:: EXERCISE ::
Go line by line through the data and copy those with the word "times".

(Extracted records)
===============
lemma div_eq_if_mem_free_block: "r \<le> g \<Longrightarrow> i \<in> free_block r g j \<Longrightarrow> i div g = j"
  by (auto simp: free_block_def mult.commute intro!: div_nat_eqI)

lemma mem_free_block_iff: "i \<in> free_block r g (i div g) \<longleftrightarrow> i mod g < r"
proof -
  have "i = i div g * g + i mod g"
    by simp
  then show ?thesis
    unfolding free_block_def atLeastLessThan_iff by linarith
qed

lemma less_if_mem_free_block: "r \<le> i mod g \<Longrightarrow> x \<in> free_block r g (i div g) \<Longrightarrow> x < i"
proof -
  have "i = i div g * g + i mod g"
    by simp
  then show "r \<le> i mod g \<Longrightarrow> x \<in> free_block r g (i div g) \<Longrightarrow> x < i"
    unfolding free_block_def atLeastLessThan_iff by linarith
qed

lemma block_bounded_subset:
  assumes "block_bounded r g T" "T' \<subseteq> T" "finite T"
  shows "block_bounded r g T'"
  unfolding block_bounded_def
proof
  fix j
  have "card {i\<in>T'. i div g = j} \<le> card {i\<in>T. i div g = j}"
    using assms(2,3) by (intro card_mono) auto
  also have "\<dots> \<le> r"
    using assms(1) by (simp add: block_bounded_def)
  finally show "card {i\<in>T'. i div g = j} \<le> r" .
qed

lemma block_bounded_if_card_le:
  assumes "finite T" "card T \<le> r"
  shows "block_bounded r g T"
  unfolding block_bounded_def
proof
  fix j
  have "card {i\<in>T. i div g = j} \<le> card T"
    using assms(1) by (intro card_mono) auto
  then show "card {i\<in>T. i div g = j} \<le> r"
    using assms(2) by simp
qed

lemma block_bounded_insert_iff:
  assumes "finite T" "f \<notin> T"
  shows "block_bounded r g (insert f T) \<longleftrightarrow>
    block_bounded r g T \<and> card {i\<in>T. i div g = f div g} < r"
proof -
  have "{i\<in>insert f T. i div g = j} =
      (if j = f div g then insert f {i\<in>T. i div g = j} else {i\<in>T. i div g = j})" for j
    by auto
  then have "card {i\<in>insert f T. i div g = j} =
      (if j = f div g then Suc (card {i\<in>T. i div g = j}) else card {i\<in>T. i div g = j})" for j
    using assms by simp
  then show ?thesis
    unfolding block_bounded_def by (auto simp: Suc_le_eq)
qed
section \<open>Carries\<close>

(* The carry out of the t least significant digits of n * ys, i.e. the state of the
   Hoey-Sloane graph at position t. *)
definition carry :: "nat \<Rightarrow> nat \<Rightarrow> nat list \<Rightarrow> nat list \<Rightarrow> nat \<Rightarrow> int" where
  "carry n b xs ys t = digit_value b (drop t xs) - int n * digit_value b (drop t ys)"

lemma carry_low_digits:
  assumes "digit_value b xs = int n * digit_value b ys"
  shows "int n * digit_value b (take t ys) - digit_value b (take t xs) = carry n b xs ys t * int b ^ t"
  using assms digit_value_take_drop[of b xs t] digit_value_take_drop[of b ys t]
  unfolding carry_def by (simp add: algebra_simps)

lemma carry_bounds:
  assumes "permutiple_lists n b xs ys" "0 < n"
  shows "0 \<le> carry n b xs ys t" "carry n b xs ys t < int n"
proof -
  define Q where "Q = int b ^ t"
  have "0 < b" using permutiple_lists_base_pos[OF assms(1)] .
  have low_less: "digit_value b (take t zs) < Q" if "\<forall>z\<in>set zs. z < b" for zs
  proof -
    have "digit_value b (take t zs) < int b ^ length (take t zs)"
      using that by (intro digit_value_less) (auto dest: in_set_takeD)
    also have "\<dots> \<le> Q" unfolding Q_def using \<open>0 < b\<close> by (intro power_increasing) auto
    finally show ?thesis .
  qed
  note digits = permutiple_lists_digits_less[OF assms(1)]
  have Xt: "0 \<le> digit_value b (take t xs)" "digit_value b (take t xs) < Q"
    using digit_value_nonneg low_less[OF digits(1)] by auto
  have Yt: "0 \<le> digit_value b (take t ys)" "digit_value b (take t ys) < Q"
    using digit_value_nonneg low_less[OF digits(2)] by auto
  have eq: "carry n b xs ys t * Q = int n * digit_value b (take t ys) - digit_value b (take t xs)"
    using carry_low_digits assms(1) unfolding permutiple_lists_def Q_def by auto
  have "0 < Q" unfolding Q_def using \<open>0 < b\<close> by simp
  have "0 \<le> int n * digit_value b (take t ys)" using Yt by simp
  then have "0 < (carry n b xs ys t + 1) * Q"
    using eq Xt by (simp add: algebra_simps)
  then show "0 \<le> carry n b xs ys t" using \<open>0 < Q\<close> by (simp add: zero_less_mult_iff)
  have "int n * digit_value b (take t ys) < int n * Q" using Yt \<open>0 < n\<close> by simp
  then have "carry n b xs ys t * Q < int n * Q" using eq Xt by linarith
  then show "carry n b xs ys t < int n" using \<open>0 < Q\<close> by simp
qed
(* Let $n\geq 3$, let $\Omega\subset\mathbb{R}^n$ be a bounded simple rotationally symmetric domain along the $x_n$ axis, and let $f(x,u)\in C^{1,1}(\Omega,\mathbb{R})$ be convex with respect to $u$. If $u$ and $v$ are positive stable solutions of $$-\Delta w=f(x,w)\ \text{in}\ \Omega,\qquad w=0\ \text{on}\ \partial\Omega,$$ then $u=v$ in $\Omega$; i.e., a positive stable solution of this problem is unique.
   Context: A domain $\Omega\subset\mathbb{R}^n$ is simple rotationally symmetric along the $x_n$ axis if (1) it is symmetric with respect to $x_n=0$; (2) it is invariant under every $A\in O(n)$ fixing the $x_n$ axis; (3) for each $i=1,\dots,n$, any segment joining two points of $\Omega$ and parallel to the $x_i$ axis lies in $\Omega$. A solution $u$ is stable if $\int_\Omega|\nabla\phi|^2dx-\int_\Omega f'(x,u)\phi^2dx>0$ for every nonzero $\phi\in H^1_0(\Omega)$, where $f'$ is the derivative of $f$ with respect to its last variable; equivalently, the first Dirichlet eigenvalue of $-\Delta-f'(x,u)$ in $\Omega$ is positive. *)

theory Defs
  imports "HOL-Analysis.Analysis"
begin

definition partial :: "(real^'n \<Rightarrow> real) \<Rightarrow> 'n \<Rightarrow> real^'n \<Rightarrow> real" where
  "partial u i x = deriv (\<lambda>t. u (x + t *\<^sub>R axis i 1)) 0"

definition grad :: "(real^'n \<Rightarrow> real) \<Rightarrow> real^'n \<Rightarrow> real^'n" where
  "grad u x = (\<chi> i. partial u i x)"

definition laplacian :: "(real^'n \<Rightarrow> real) \<Rightarrow> real^'n \<Rightarrow> real" where
  "laplacian u x = (\<Sum>i\<in>UNIV. partial (partial u i) i x)"

definition C2_on :: "(real^'n) set \<Rightarrow> (real^'n \<Rightarrow> real) \<Rightarrow> bool" where
  "C2_on S u \<longleftrightarrow> continuous_on S u
     \<and> (\<forall>i. \<forall>x\<in>S. (\<lambda>t. u (x + t *\<^sub>R axis i 1)) differentiable (at 0))
     \<and> (\<forall>i. continuous_on S (partial u i))
     \<and> (\<forall>i j. \<forall>x\<in>S. (\<lambda>t. partial u i (x + t *\<^sub>R axis j 1)) differentiable (at 0))
     \<and> (\<forall>i j. continuous_on S (partial (partial u i) j))"

definition Cc1 :: "(real^'n) set \<Rightarrow> (real^'n \<Rightarrow> real) \<Rightarrow> bool" where
  "Cc1 S \<psi> \<longleftrightarrow> (\<forall>x. \<psi> differentiable (at x))
     \<and> (\<forall>i. continuous_on UNIV (partial \<psi> i))
     \<and> compact (closure {x. \<psi> x \<noteq> 0}) \<and> closure {x. \<psi> x \<noteq> 0} \<subseteq> S"

text \<open>(phi, g) belongs to H^1_0(S) with weak gradient g: phi is the H^1(S)-limit of
  compactly supported C^1 functions (the completion definition of H^1_0).\<close>
definition H10 :: "(real^'n) set \<Rightarrow> (real^'n \<Rightarrow> real) \<Rightarrow> (real^'n \<Rightarrow> real^'n) \<Rightarrow> bool" where
  "H10 S \<phi> g \<longleftrightarrow> \<phi> \<in> borel_measurable lebesgue \<and> g \<in> borel_measurable lebesgue
     \<and> (\<exists>\<psi>::nat \<Rightarrow> real^'n \<Rightarrow> real. (\<forall>k. Cc1 S (\<psi> k))
        \<and> (\<lambda>k. \<integral>\<^sup>+ x. indicator S x * ennreal ((\<psi> k x - \<phi> x)\<^sup>2) \<partial>lebesgue) \<longlonglongrightarrow> 0
        \<and> (\<lambda>k. \<integral>\<^sup>+ x. indicator S x * ennreal ((norm (grad (\<psi> k) x - g x))\<^sup>2) \<partial>lebesgue) \<longlonglongrightarrow> 0)"

definition C11_nonlin :: "(real^'n) set \<Rightarrow> (real^'n \<Rightarrow> real \<Rightarrow> real) \<Rightarrow> bool" where
  "C11_nonlin S f \<longleftrightarrow> (\<exists>Df. (\<forall>p \<in> S \<times> UNIV. ((\<lambda>q. f (fst q) (snd q)) has_derivative Df p) (at p))
     \<and> (\<forall>M::real. \<exists>L. \<forall>p \<in> S \<times> {-M..M}. \<forall>q \<in> S \<times> {-M..M}.
          onorm (\<lambda>h. Df p h - Df q h) \<le> L * dist p q))"

definition fu :: "(real^'n \<Rightarrow> real \<Rightarrow> real) \<Rightarrow> real^'n \<Rightarrow> real \<Rightarrow> real" where
  "fu f x t = deriv (\<lambda>s. f x s) t"

definition simple_rot_sym :: "'n \<Rightarrow> (real^'n) set \<Rightarrow> bool" where
  "simple_rot_sym k \<Omega> \<longleftrightarrow>
     (\<forall>x. x \<in> \<Omega> \<longleftrightarrow> (\<chi> i. if i = k then - x $ i else x $ i) \<in> \<Omega>)
   \<and> (\<forall>A. orthogonal_transformation A \<and> A (axis k 1) = axis k 1 \<longrightarrow> (\<forall>x\<in>\<Omega>. A x \<in> \<Omega>))
   \<and> (\<forall>i. \<forall>x\<in>\<Omega>. \<forall>y\<in>\<Omega>. (\<forall>j. j \<noteq> i \<longrightarrow> x $ j = y $ j) \<longrightarrow> closed_segment x y \<subseteq> \<Omega>)"

definition is_solution :: "(real^'n) set \<Rightarrow> (real^'n \<Rightarrow> real \<Rightarrow> real) \<Rightarrow> (real^'n \<Rightarrow> real) \<Rightarrow> bool" where
  "is_solution S f w \<longleftrightarrow> C2_on S w \<and> continuous_on (closure S) w
     \<and> (\<forall>x\<in>S. - laplacian w x = f x (w x))
     \<and> (\<forall>x\<in>frontier S. w x = 0)"

definition stable :: "(real^'n) set \<Rightarrow> (real^'n \<Rightarrow> real \<Rightarrow> real) \<Rightarrow> (real^'n \<Rightarrow> real) \<Rightarrow> bool" where
  "stable S f w \<longleftrightarrow> (\<forall>\<phi> g. H10 S \<phi> g \<and> \<not> (AE x in lebesgue. x \<in> S \<longrightarrow> \<phi> x = 0) \<longrightarrow>
      (LINT x:S|lebesgue. (norm (g x))\<^sup>2) - (LINT x:S|lebesgue. fu f x (w x) * (\<phi> x)\<^sup>2) > 0)"

end

theory Submission
  imports Defs
begin

(* Put w = u - v and a(x) = f_u(x, u(x)). Convexity of f in its last variable gives
   f(x, v) >= f(x, u) + a (v - u), hence -Delta w <= a w in Omega, and w = 0 on the boundary.
   With the C^1 cutoffs G_d(t) = (t - d)^2 / t for t > d (and 0 otherwise), G_d(w) is a
   compactly supported C^1 function; integrating -Delta w <= a w against it and letting d -> 0
   shows that w^+ belongs to H^1_0(Omega), being the limit of the G_d(w), and that
   int |grad w^+|^2 <= int a (w^+)^2. Stability of u forces w^+ = 0, i.e. u <= v, and exchanging
   u and v gives u = v. *)

definition has_partial_derivative :: "(real^'n \<Rightarrow> real) \<Rightarrow> 'n \<Rightarrow> real^'n \<Rightarrow> real \<Rightarrow> bool" where
  "has_partial_derivative F i y D \<longleftrightarrow> ((\<lambda>t. F (y + t *\<^sub>R axis i 1)) has_real_derivative D) (at 0)"

lemma has_partial_derivative_unique:
  "has_partial_derivative F i y D \<Longrightarrow> has_partial_derivative F i y D' \<Longrightarrow> D = D'"
  unfolding has_partial_derivative_def using DERIV_unique by blast

lemma partial_eqI: "has_partial_derivative F i y D \<Longrightarrow> partial F i y = D"
  unfolding has_partial_derivative_def partial_def by (rule DERIV_imp_deriv)

lemma has_partial_derivative_iff_differentiable:
  "has_partial_derivative F i y (partial F i y) \<longleftrightarrow> (\<lambda>t. F (y + t *\<^sub>R axis i 1)) differentiable (at 0)"
  unfolding has_partial_derivative_def partial_def by (rule DERIV_deriv_iff_real_differentiable)

lemma has_partial_derivative_diff:
  "has_partial_derivative F i y D \<Longrightarrow> has_partial_derivative G i y E \<Longrightarrow>
    has_partial_derivative (\<lambda>x. F x - G x) i y (D - E)"
  unfolding has_partial_derivative_def by (rule DERIV_diff)

lemma has_partial_derivative_mult:
  "has_partial_derivative F i y D \<Longrightarrow> has_partial_derivative G i y E \<Longrightarrow>
    has_partial_derivative (\<lambda>x. F x * G x) i y (D * G y + F y * E)"
  unfolding has_partial_derivative_def by (drule (1) DERIV_mult) (simp add: mult.commute)

lemma has_partial_derivative_compose:
  "(g has_real_derivative g') (at (F y)) \<Longrightarrow> has_partial_derivative F i y D \<Longrightarrow>
    has_partial_derivative (\<lambda>x. g (F x)) i y (g' * D)"
  unfolding has_partial_derivative_def
  by (rule DERIV_chain2[where f = g and g = "\<lambda>t. F (y + t *\<^sub>R axis i 1)"]) simp_all

lemma has_partial_derivative_along_line:
  assumes "has_partial_derivative F i (y + s *\<^sub>R axis i 1) D"
  shows "((\<lambda>t. F (y + t *\<^sub>R axis i 1)) has_real_derivative D) (at s)"
proof -
  have "((\<lambda>t. F (y + (t + s) *\<^sub>R axis i 1)) has_real_derivative D) (at 0)"
    using assms unfolding has_partial_derivative_def by (simp add: algebra_simps scaleR_add_left)
  then show ?thesis using DERIV_shift[of "\<lambda>t. F (y + t *\<^sub>R axis i 1)" D 0 s] by simp
qed

lemma has_partial_derivative_transform_open:
  assumes "has_partial_derivative F i y D" "open S" "y \<in> S" "\<And>x. x \<in> S \<Longrightarrow> F x = G x"
  shows "has_partial_derivative G i y D"
proof -
  have "open ((\<lambda>t::real. y + t *\<^sub>R axis i 1) -` S)"
    using assms(2) by (intro open_vimage continuous_intros) auto
  from assms(1)[unfolded has_partial_derivative_def] this
  show ?thesis unfolding has_partial_derivative_def
    by (rule has_field_derivative_transform_within_open) (use assms(3,4) in auto)
qed

lemma has_partial_derivative_outside_support:
  assumes "closed K" "y \<notin> K" "\<And>z. z \<notin> K \<Longrightarrow> F z = 0"
  shows "has_partial_derivative F i y 0"
  by (rule has_partial_derivative_transform_open[where F = "\<lambda>_. 0" and S = "- K"])
     (use assms in \<open>auto simp: has_partial_derivative_def\<close>)

lemma C2_on_has_partial_derivative:
  assumes "C2_on S u" "y \<in> S"
  shows "has_partial_derivative u i y (partial u i y)"
    and "has_partial_derivative (partial u i) j y (partial (partial u i) j y)"
  using assms by (auto simp: C2_on_def has_partial_derivative_iff_differentiable)

lemma C2_on_diff:
  assumes S: "open S" and u: "C2_on S u" and v: "C2_on S v"
  shows "C2_on S (\<lambda>x. u x - v x)"
    and "\<And>x. x \<in> S \<Longrightarrow> laplacian (\<lambda>x. u x - v x) x = laplacian u x - laplacian v x"
proof -
  note has_partial = C2_on_has_partial_derivative
  have has_partial_diff: "has_partial_derivative (\<lambda>y. u y - v y) i x (partial u i x - partial v i x)"
    if "x \<in> S" for i x
    using has_partial_derivative_diff[OF has_partial(1)[OF u that] has_partial(1)[OF v that]] .
  have partial_diff: "partial (\<lambda>y. u y - v y) i x = partial u i x - partial v i x" if "x \<in> S" for i x
    using partial_eqI[OF has_partial_diff[OF that]] .
  have has_partial2_diff: "has_partial_derivative (partial (\<lambda>y. u y - v y) i) j x
      (partial (partial u i) j x - partial (partial v i) j x)" if "x \<in> S" for i j x
    by (rule has_partial_derivative_transform_open[OF
          has_partial_derivative_diff[OF has_partial(2)[OF u that] has_partial(2)[OF v that]] S that])
      (simp add: partial_diff)
  have partial2_diff: "partial (partial (\<lambda>y. u y - v y) i) j x
      = partial (partial u i) j x - partial (partial v i) j x" if "x \<in> S" for i j x
    using partial_eqI[OF has_partial2_diff[OF that]] .
  have "continuous_on S (\<lambda>x. u x - v x)"
    using u v by (intro continuous_intros) (auto simp: C2_on_def)
  moreover have "continuous_on S (partial (\<lambda>y. u y - v y) i)" for i
  proof (rule continuous_on_eq)
    show "continuous_on S (\<lambda>x. partial u i x - partial v i x)"
      using u v by (intro continuous_intros) (auto simp: C2_on_def)
  qed (simp add: partial_diff)
  moreover have "continuous_on S (partial (partial (\<lambda>y. u y - v y) i) j)" for i j
  proof (rule continuous_on_eq)
    show "continuous_on S (\<lambda>x. partial (partial u i) j x - partial (partial v i) j x)"
      using u v by (intro continuous_intros) (auto simp: C2_on_def)
  qed (simp add: partial2_diff)
  moreover have "(\<lambda>t. u (x + t *\<^sub>R axis i 1) - v (x + t *\<^sub>R axis i 1)) differentiable (at 0)"
    if "x \<in> S" for i x
    using has_partial_diff[OF that, of i] unfolding partial_diff[OF that, symmetric] has_partial_derivative_iff_differentiable .
  moreover have "(\<lambda>t. partial (\<lambda>y. u y - v y) i (x + t *\<^sub>R axis j 1)) differentiable (at 0)"
    if "x \<in> S" for i j x
    using has_partial2_diff[OF that, of i j] unfolding partial2_diff[OF that, symmetric] has_partial_derivative_iff_differentiable .
  ultimately show "C2_on S (\<lambda>x. u x - v x)"
    unfolding C2_on_def by blast
  show "laplacian (\<lambda>x. u x - v x) x = laplacian u x - laplacian v x" if "x \<in> S" for x
    using partial2_diff[OF that] by (simp add: laplacian_def sum_subtractf)
qed

lemma coordinate_increment_bound:
  fixes F :: "real^'n \<Rightarrow> real"
  assumes "\<And>s. s \<in> closed_segment 0 t \<Longrightarrow>
      has_partial_derivative F j (z + s *\<^sub>R axis j 1) (P (z + s *\<^sub>R axis j 1))"
    and "\<And>s. s \<in> closed_segment 0 t \<Longrightarrow> \<bar>P (z + s *\<^sub>R axis j 1) - c\<bar> \<le> B"
  shows "\<bar>F (z + t *\<^sub>R axis j 1) - F z - t * c\<bar> \<le> B * \<bar>t\<bar>"
proof -
  let ?g = "\<lambda>s. F (z + s *\<^sub>R axis j 1) - c * s"
  have "norm (?g t - ?g 0) \<le> B * norm (t - 0)"
  proof (rule field_differentiable_bound[where f' = "\<lambda>s. P (z + s *\<^sub>R axis j 1) - c"])
    fix s assume s: "s \<in> closed_segment 0 t"
    have "(?g has_real_derivative P (z + s *\<^sub>R axis j 1) - c) (at s)"
      by (rule DERIV_diff[OF has_partial_derivative_along_line[OF assms(1)[OF s]] DERIV_cmult_Id])
    then show "(?g has_field_derivative P (z + s *\<^sub>R axis j 1) - c) (at s within closed_segment 0 t)"
      by (rule has_field_derivative_at_within)
    show "norm (P (z + s *\<^sub>R axis j 1) - c) \<le> B"
      using assms(2)[OF s] by simp
  qed simp_all
  then show ?thesis by (simp add: mult.commute[of c])
qed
===============
:: ANSWER SECTION ::
  "C11_nonlin S f \<longleftrightarrow> (\<exists>Df. (\<forall>p \<in> S \<times> UNIV. ((\<lambda>q. f (fst q) (snd q)) has_derivative Df p) (at p))
     \<and> (\<forall>M::real. \<exists>L. \<forall>p \<in> S \<times> {-M..M}. \<forall>q \<in> S \<times> {-M..M}.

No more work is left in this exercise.